Километры сменялись километрами, деревни — деревнями. Солнце спускалось все ниже, отбрасывая на поля длинные, казавшиеся теперь голубыми на фоне зеленых полей, прозрачные тени деревьев. А Осокин все не мог остановиться. Дорога была пустынна — никаких беженцев, никаких автомобилей, только иногда попадались крестьянские телеги, мирно нагруженные хворостом, сеном или большими бочками, от которых за версту пахло винным погребом.

Уже совсем вечерело, когда Осокин пересек весь остров с юга на север и добрался до Шассиронского маяка — полосатой высокой свечи, торчавшей над каменистым высоким обрывом. Дальше ехать было некуда: с трех сторон узкий мыс был окружен океаном. Кончилась дорога, кончилась земля, путешествие кончилось.

У подножья обрыва, между плоскими камнями, обнаженными далеко ушедшим морем, стояли лужи, похожие на куски разбитого гигантского зеркала. Прилив только что начался, и океан лениво перекидывал длинные и широкие волны через каменные подковы запруд, построенных на плоских прибрежных скалах. Несмотря на то, что море было спокойно и белая пена появлялась на гребне волны только при ударе о берег, грохот прибоя заглушал все звуки — торжественный, гордый, уверенный в своей непобедимой силе.

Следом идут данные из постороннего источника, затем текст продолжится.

lemma N_cff_eq_choose:
  assumes "r > 0"
  shows "N_cff r w ((t - r - w) choose (t' - r)) t = t choose t'"
  unfolding N_cff_def
proof (rule Least_equality)
  show "\<exists>X B. cover_free_family r w ((t - r - w) choose (t' - r)) t X B \<and> card X = t choose t'"
    using ex_cover_free_family_of_subsets[OF assms] card_lessThan by blast
next
  fix n :: nat
  assume "\<exists>X B. cover_free_family r w ((t - r - w) choose (t' - r)) t X B \<and> card X = n"
  then obtain X B where cff: "cover_free_family r w ((t - r - w) choose (t' - r)) t X B"
    and "card X = n"
    by blast
  have "finite X"
    using cff unfolding cover_free_family_def by blast
  moreover have "\<forall>e\<in>bg_edges (bi_intersection_graph t r w). (t - r - w) choose (t' - r)
      \<le> card {p\<in>X. e \<in> fst (point_biclique t r w B p) \<times> snd (point_biclique t r w B p)}"
  proof
    fix e assume "e \<in> bg_edges (bi_intersection_graph t r w)"
    then show "(t - r - w) choose (t' - r)
        \<le> card {p\<in>X. e \<in> fst (point_biclique t r w B p) \<times> snd (point_biclique t r w B p)}"
      using cover_free_family_point_biclique_cover[OF cff assms, of "fst e" "snd e"] by simp
  qed
  ultimately have "t choose t' \<le> card X"
    using biclique_point_biclique by (intro biclique_cover_card_ge) simp_all
  then show "t choose t' \<le> n"
    using \<open>card X = n\<close> by simp
qed

end

theorem theorem1:
  fixes r w t t' d :: nat
  assumes "r > 0" and "w > 0" and "t > 0" and "t \<ge> r + w"
    and "t' \<le> t"
    and "\<forall>x\<le>t. (x choose r) * ((t - x) choose w) \<le> (t' choose r) * ((t - t') choose w)"
    and "d = (t - r - w) choose (t' - r)"
  shows "N_cff r w d t = bc_d d (bi_intersection_graph t r w)
       \<and> bc_d d (bi_intersection_graph t r w) = bp_d d (bi_intersection_graph t r w)
       \<and> bp_d d (bi_intersection_graph t r w) = t choose t'"
  using N_cff_eq_choose[OF assms(4,5,6,1)] bc_d_bi_intersection_graph[OF assms(4,5,6)]
    bp_d_bi_intersection_graph[OF assms(4,5,6)] assms(7)
  by simp

end
(* Let $y_1, \ldots, y_n \in \mathfrak m$ be a minimal system of generators of $\mathfrak m$, so $R = k[[y_1, \ldots, y_n]]$. Let $d = \max\{a_n + 1, c_R\}$ and let $\widetilde y_i$ be the truncation of $y_i$ at $t^d$, i.e. if $y_i = \sum_{j \ge 0} c_{i,j} t^j$ then $\widetilde y_i = \sum_{j < d} c_{i,j} t^j$. Then $R = k[[\widetilde y_1, \ldots, \widetilde y_n]]$. In particular, $R$ can always be generated (as $k[[\cdot]]$) by finitely many polynomials in $t$.
   Context: Let $k$ be a field and let $(R,\mathfrak m)$ be a complete local noetherian domain of dimension $1$ containing $k$ with $R/\mathfrak m = k$, with normalization $\overline R$ having residue field $k$, so $\overline R = k[[t]]$ and $R \subseteq k[[t]]$ is finite birational. Let $v$ be the $t$-adic valuation. For $A \subseteq k((t))$ let $v(A) = \{v(f): f\in A\setminus\{0\}\}$. The conductor is $\mathfrak C_R = \{x\in\overline R: x\overline R\subseteq R\} = t^{c_R}\overline R$, $c_R$ the conductor degree. The Herzog–Kunz sequence of $R$ is $v(\mathfrak m)\setminus v(\mathfrak m^2)$ listed increasingly as $a_1 < \cdots < a_n$ (with $n = \mathrm{edim}(R)$). For $y_i\in\mathfrak m$, $k[[y_1,\ldots,y_n]]$ is the image of $k[[Y_1,\ldots,Y_n]]\to k[[t]]$, $Y_i\mapsto y_i$. *)

theory Defs
  imports "HOL-Computational_Algebra.Formal_Power_Series"
begin

text \<open>Formal power series over a field k play the role of k[[t]]; fps_X is t,
  and the t-adic valuation v is subdegree.\<close>

definition k_subalgebra :: "'a::field fps set \<Rightarrow> bool" where
  "k_subalgebra R \<longleftrightarrow> (\<forall>c. fps_const c \<in> R) \<and>
     (\<forall>x\<in>R. \<forall>y\<in>R. x + y \<in> R \<and> x * y \<in> R \<and> - x \<in> R)"

definition fps_finite_over :: "'a::field fps set \<Rightarrow> bool" where
  "fps_finite_over R \<longleftrightarrow> (\<exists>G. finite G \<and>
     (\<forall>f. \<exists>r. (\<forall>g\<in>G. r g \<in> R) \<and> f = (\<Sum>g\<in>G. r g * g)))"

definition fps_birational :: "'a::field fps set \<Rightarrow> bool" where
  "fps_birational R \<longleftrightarrow> (\<forall>f. \<exists>a\<in>R. \<exists>b\<in>R. b \<noteq> 0 \<and> f * b = a)"

text \<open>Local with maximal ideal R \<inter> t k[[t]] (residue field k).\<close>
definition fps_local :: "'a::field fps set \<Rightarrow> bool" where
  "fps_local R \<longleftrightarrow> (\<forall>x\<in>R. fps_nth x 0 \<noteq> 0 \<longrightarrow> inverse x \<in> R)"

definition max_ideal :: "'a::field fps set \<Rightarrow> 'a fps set" where
  "max_ideal R = {x \<in> R. fps_nth x 0 = 0}"

definition fps_ideal_prod :: "'a::field fps set \<Rightarrow> 'a fps set \<Rightarrow> 'a fps set" where
  "fps_ideal_prod I J = {x. \<exists>(N::nat) a b. (\<forall>i<N. a i \<in> I \<and> b i \<in> J) \<and> x = (\<Sum>i<N. a i * b i)}"

definition val_set :: "'a::field fps set \<Rightarrow> nat set" where
  "val_set A = subdegree ` (A - {0})"

definition HK_max :: "'a::field fps set \<Rightarrow> nat" where
  "HK_max R = Max (val_set (max_ideal R) - val_set (fps_ideal_prod (max_ideal R) (max_ideal R)))"

definition conductor_degree :: "'a::field fps set \<Rightarrow> nat" where
  "conductor_degree R = (LEAST c. \<forall>z. fps_X ^ c * z \<in> R)"

definition fps_gen_ideal :: "'a::field fps set \<Rightarrow> nat set \<Rightarrow> (nat \<Rightarrow> 'a fps) \<Rightarrow> 'a fps set" where
  "fps_gen_ideal R S y = {x. \<exists>r. (\<forall>i\<in>S. r i \<in> R) \<and> x = (\<Sum>i\<in>S. r i * y i)}"

definition min_generators :: "'a::field fps set \<Rightarrow> nat \<Rightarrow> (nat \<Rightarrow> 'a fps) \<Rightarrow> bool" where
  "min_generators R n y \<longleftrightarrow> (\<forall>i<n. y i \<in> max_ideal R) \<and>
     fps_gen_ideal R {..<n} y = max_ideal R \<and>
     (\<forall>j<n. fps_gen_ideal R ({..<n} - {j}) y \<noteq> max_ideal R)"

text \<open>Image of the substitution homomorphism k[[Y_0..Y_{n-1}]] \<rightarrow> k[[t]], Y_i \<mapsto> y_i,
  applied to the power series with coefficient function c on multi-indices \<alpha>
  (supported in {..<n}). Assuming all y_i have zero constant term, the monomial
  y^\<alpha> has order \<ge> |\<alpha>|, so the j-th coefficient is the given finite sum.\<close>
definition pseries_eval :: "nat \<Rightarrow> (nat \<Rightarrow> 'a::field fps) \<Rightarrow> ((nat \<Rightarrow> nat) \<Rightarrow> 'a) \<Rightarrow> 'a fps" where
  "pseries_eval n y c = Abs_fps (\<lambda>j. \<Sum>\<alpha>\<in>{\<alpha>. (\<forall>i. n \<le> i \<longrightarrow> \<alpha> i = 0) \<and> (\<Sum>i<n. \<alpha> i) \<le> j}.
       c \<alpha> * fps_nth (\<Prod>i<n. y i ^ \<alpha> i) j)"

definition pseries_subalg :: "nat \<Rightarrow> (nat \<Rightarrow> 'a::field fps) \<Rightarrow> 'a fps set" where
  "pseries_subalg n y = range (pseries_eval n y)"

definition fps_truncate :: "nat \<Rightarrow> 'a::field fps \<Rightarrow> 'a fps" where
  "fps_truncate d f = Abs_fps (\<lambda>j. if j < d then fps_nth f j else 0)"

definition fps_is_poly :: "'a::field fps \<Rightarrow> bool" where
  "fps_is_poly f \<longleftrightarrow> (\<exists>N. \<forall>j\<ge>N. fps_nth f j = 0)"

end

theory Submission
  imports Defs
begin

text \<open>Let \<open>\<m>\<close> be the maximal ideal and \<open>c\<close> the conductor degree, so \<open>t\<^sup>c k[[t]] \<subseteq> R\<close>.
  Beyond \<open>a\<^sub>n\<close> every value of \<open>\<m>\<close> is a value of \<open>\<m>\<^sup>2\<close>, so the leading terms of a series of
  order at least \<open>d\<close> can be peeled off by elements of \<open>\<m>\<^sup>2\<close> until its order exceeds \<open>2c + 1\<close>,
  and then it lies in \<open>t\<^sup>c\<^sup>+\<^sup>1 \<cdot> t\<^sup>c\<^sup>+\<^sup>1 k[[t]] \<subseteq> \<m>\<^sup>2\<close>. Hence \<open>y\<^sub>i - z\<^sub>i \<in> \<m>\<^sup>2\<close> for the truncations
  \<open>z\<^sub>i\<close>, so the \<open>z\<^sub>i\<close> generate \<open>\<m>\<close> modulo \<open>\<m>\<^sup>2\<close>; iterating, they generate \<open>\<m>\<close> modulo every
  power of \<open>t\<close>, and a nonzero element of order \<open>v\<close> of the ideal they generate absorbs
  \<open>t\<^sup>c\<^sup>+\<^sup>v k[[t]]\<close> by the conductor. Finally, once the \<open>z\<^sub>i\<close> generate \<open>\<m>\<close>, every \<open>x \<in> R\<close> is a
  power series in them: subtract the constant term, expand the rest in the \<open>z\<^sub>i\<close> and recurse
  on the coefficients, degree by degree.\<close>

unbundle fps_syntax

lemma fps_X_power_dvd_iff_nth:
  "fps_X ^ k dvd (f :: 'a::field fps) \<longleftrightarrow> (\<forall>j<k. f $ j = 0)"
proof
  assume "fps_X ^ k dvd f"
  then show "\<forall>j<k. f $ j = 0" by (auto simp: dvd_def fps_X_power_mult_nth)
next
  assume vanish: "\<forall>j<k. f $ j = 0"
  show "fps_X ^ k dvd f"
  proof (cases "f = 0")
    case False
    then have "k \<le> subdegree f" using vanish by (intro subdegree_geI) auto
    then have "f = fps_shift k f * fps_X ^ k" by (rule subdegree_decompose')
    then show ?thesis by (metis dvd_triv_right)
  qed simp
qed

lemma fps_X_power_dvd_nth: "fps_X ^ k dvd (f :: 'a::field fps) \<Longrightarrow> j < k \<Longrightarrow> f $ j = 0"
  by (simp add: fps_X_power_dvd_iff_nth)

lemma fps_X_dvd_iff_nth_0: "fps_X dvd (f :: 'a::field fps) \<longleftrightarrow> f $ 0 = 0"
  using fps_X_power_dvd_iff_nth[of 1 f] by simp

lemma dvd_fps_X_power_subdegree_mult:
  assumes "(u :: 'a::field fps) \<noteq> 0"
  shows "u dvd fps_X ^ subdegree u * g"
proof (cases "g = 0")
  case False
  then show ?thesis using assms by (simp add: fps_dvd_iff fps_subdegree_mult_fps_X_power(1))
qed simp

lemma fps_X_power_in_val_set: "fps_X ^ g \<in> A \<Longrightarrow> g \<in> val_set A"
  unfolding val_set_def by (rule rev_image_eqI[of "fps_X ^ g"]) (auto simp: fps_X_power_subdegree)

lemma fps_truncate_is_poly: "fps_is_poly (fps_truncate d f)"
  unfolding fps_is_poly_def fps_truncate_def by (intro exI[of _ d]) simp

lemma fps_X_power_dvd_sub_truncate: "fps_X ^ d dvd (f - fps_truncate d f)"
  by (simp add: fps_X_power_dvd_iff_nth fps_truncate_def)

lemma fps_ideal_prod_zero: "0 \<in> fps_ideal_prod I J"
  unfolding fps_ideal_prod_def by (intro CollectI exI[of _ 0]) simp
(* Let $\{\mathcal G,(\Gamma_0,\Gamma_1),(\widetilde\Gamma_0,\widetilde\Gamma_1)\}$ be a triple for the adjoint pair $\{S,\widetilde S\}$ satisfying (G), (D), (M), and assume $\rho(A_0)\neq\emptyset$ (equivalently $\rho(\widetilde A_0)\neq\emptyset$). Let $\gamma,\widetilde\gamma$ be the $\gamma$-fields and $M,\widetilde M$ the Weyl functions. Then for all $\lambda\in\rho(A_0)$ and $\mu\in\rho(\widetilde A_0)$: (i) $M(\lambda)$ and $\widetilde M(\mu)$ are operators in $\mathcal G$ with dense domains $\operatorname{dom}M(\lambda)=\operatorname{ran}\Gamma_0$, $\operatorname{dom}\widetilde M(\mu)=\operatorname{ran}\widetilde\Gamma_0$, and $\operatorname{ran}M(\lambda)\subset\operatorname{ran}\Gamma_1$, $\operatorname{ran}\widetilde M(\mu)\subset\operatorname{ran}\widetilde\Gamma_1$; (ii) $M(\lambda)\subset\widetilde M(\overline\lambda)^*$ and $\widetilde M(\overline\lambda)\subset M(\lambda)^*$, and $M(\lambda)-\widetilde M(\mu)^*=(\lambda-\overline\mu)\widetilde\gamma(\mu)^*\gamma(\lambda)$, $M(\lambda)^*-\widetilde M(\mu)=(\overline\lambda-\mu)\gamma(\lambda)^*\widetilde\gamma(\mu)$; (iii) for fixed $\lambda_0,\mu_0\in\rho(A_0)\cap\rho(\widetilde A_0)$, $M(\lambda)=\widetilde M(\lambda_0)^*+\widetilde\gamma(\lambda_0)^*(\lambda-\overline{\lambda_0})(I+(\lambda-\lambda_0)(A_0-\lambda)^{-1})\gamma(\lambda_0)$ and $\widetilde M(\mu)=M(\mu_0)^*+\gamma(\mu_0)^*(\mu-\overline{\mu_0})(I+(\mu-\mu_0)(\widetilde A_0-\mu)^{-1})\widetilde\gamma(\mu_0)$, i.e. $M$ and $\widetilde M$ are the sum of a fixed closed (possibly unbounded) operator and a bounded holomorphic operator function.
   Context: Let $\mathfrak H$ be a separable Hilbert space. An adjoint pair $\{S,\widetilde S\}$ consists of densely defined closed operators $S,\widetilde S$ in $\mathfrak H$ with $(Sf,g)=(f,\widetilde Sg)$ for all $f\in\operatorname{dom}S$, $g\in\operatorname{dom}\widetilde S$. Fix operators $T\subset S^*$ and $\widetilde T\subset\widetilde S^*$ which are cores, i.e. $\overline T=S^*$ and $\overline{\widetilde T}=\widetilde S^*$. A triple $\{\mathcal G,(\Gamma_0,\Gamma_1),(\widetilde\Gamma_0,\widetilde\Gamma_1)\}$ for $\{S,\widetilde S\}$ consists of a Hilbert space $\mathcal G$ and linear maps $\Gamma_0,\Gamma_1:\operatorname{dom}T\to\mathcal G$, $\widetilde\Gamma_0,\widetilde\Gamma_1:\operatorname{dom}\widetilde T\to\mathcal G$. Put $A_0:=T\upharpoonright\ker\Gamma_0$ and $\widetilde A_0:=\widetilde T\upharpoonright\ker\widetilde\Gamma_0$. Conditions: (G) $(Tf,g)_{\mathfrak H}-(f,\widetilde Tg)_{\mathfrak H}=(\Gamma_1f,\widetilde\Gamma_0g)_{\mathcal G}-(\Gamma_0f,\widetilde\Gamma_1g)_{\mathcal G}$ for all $f\in\operatorname{dom}T$, $g\in\operatorname{dom}\widetilde T$; (D) $\operatorname{ran}\Gamma_0$ and $\operatorname{ran}\widetilde\Gamma_0$ are dense in $\mathcal G$; (M) $A_0^*=\widetilde A_0$ and $\widetilde A_0^*=A_0$. For $\lambda\in\rho(A_0)$ one has $\operatorname{dom}T=\ker\Gamma_0\dotplus\ker(T-\lambda)$, so $\Gamma_0\upharpoonright\ker(T-\lambda)$ is injective; similarly for $\widetilde T$. The $\gamma$-fields are $\gamma(\lambda):=(\Gamma_0\upharpoonright\ker(T-\lambda))^{-1}$, $\lambda\in\rho(A_0)$, and $\widetilde\gamma(\mu):=(\widetilde\Gamma_0\upharpoonright\ker(\widetilde T-\mu))^{-1}$, $\mu\in\rho(\widetilde A_0)$; the Weyl functions are $M(\lambda):=\Gamma_1\gamma(\lambda)$ and $\widetilde M(\mu):=\widetilde\Gamma_1\widetilde\gamma(\mu)$. *)

theory Defs
  imports "HOL-Analysis.Analysis"
begin

text \<open>Complex Hilbert spaces: a complete complex normed space whose norm comes from
  a complex inner product ip (linear in the first, conjugate linear in the second argument).
  (Possibly unbounded) operators and linear relations are represented by their graphs.\<close>

class complex_vector = real_vector +
  fixes scaleC :: "complex \<Rightarrow> 'a \<Rightarrow> 'a" (infixr \<open>*\<^sub>C\<close> 75)
  assumes scaleC_add_right: "c *\<^sub>C (x + y) = c *\<^sub>C x + c *\<^sub>C y"
    and scaleC_add_left: "(b + c) *\<^sub>C x = b *\<^sub>C x + c *\<^sub>C x"
    and scaleC_scaleC: "b *\<^sub>C (c *\<^sub>C x) = (b * c) *\<^sub>C x"
    and scaleC_one: "1 *\<^sub>C x = x"
    and scaleR_scaleC: "scaleR r x = complex_of_real r *\<^sub>C x"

Красное солнце, как будто приплюснутое тяжестью дымного неба, расплавило линию горизонта и отбрасывало на лилово-бронзовую воду широкую пурпурную полосу, похожую на язык потухающей лавы. На севере желтела полоска земли — остров Ре. Невдалеке от острова возвышался другой маяк, серый и узкий. Вокруг него то и дело возникали длинные белые полосы разбивающихся волн. За маяком, там, где синел материк и где были видны как будто торчавшие из воды подъемные краны военного порта Ла-Паллис, поднимался широкий столб черного дыма, расползавшегося по сине-серому восточному краю неба. Иногда у подножья дымного столба еле заметно вспыхивал желтый глаз Умирающего пожара.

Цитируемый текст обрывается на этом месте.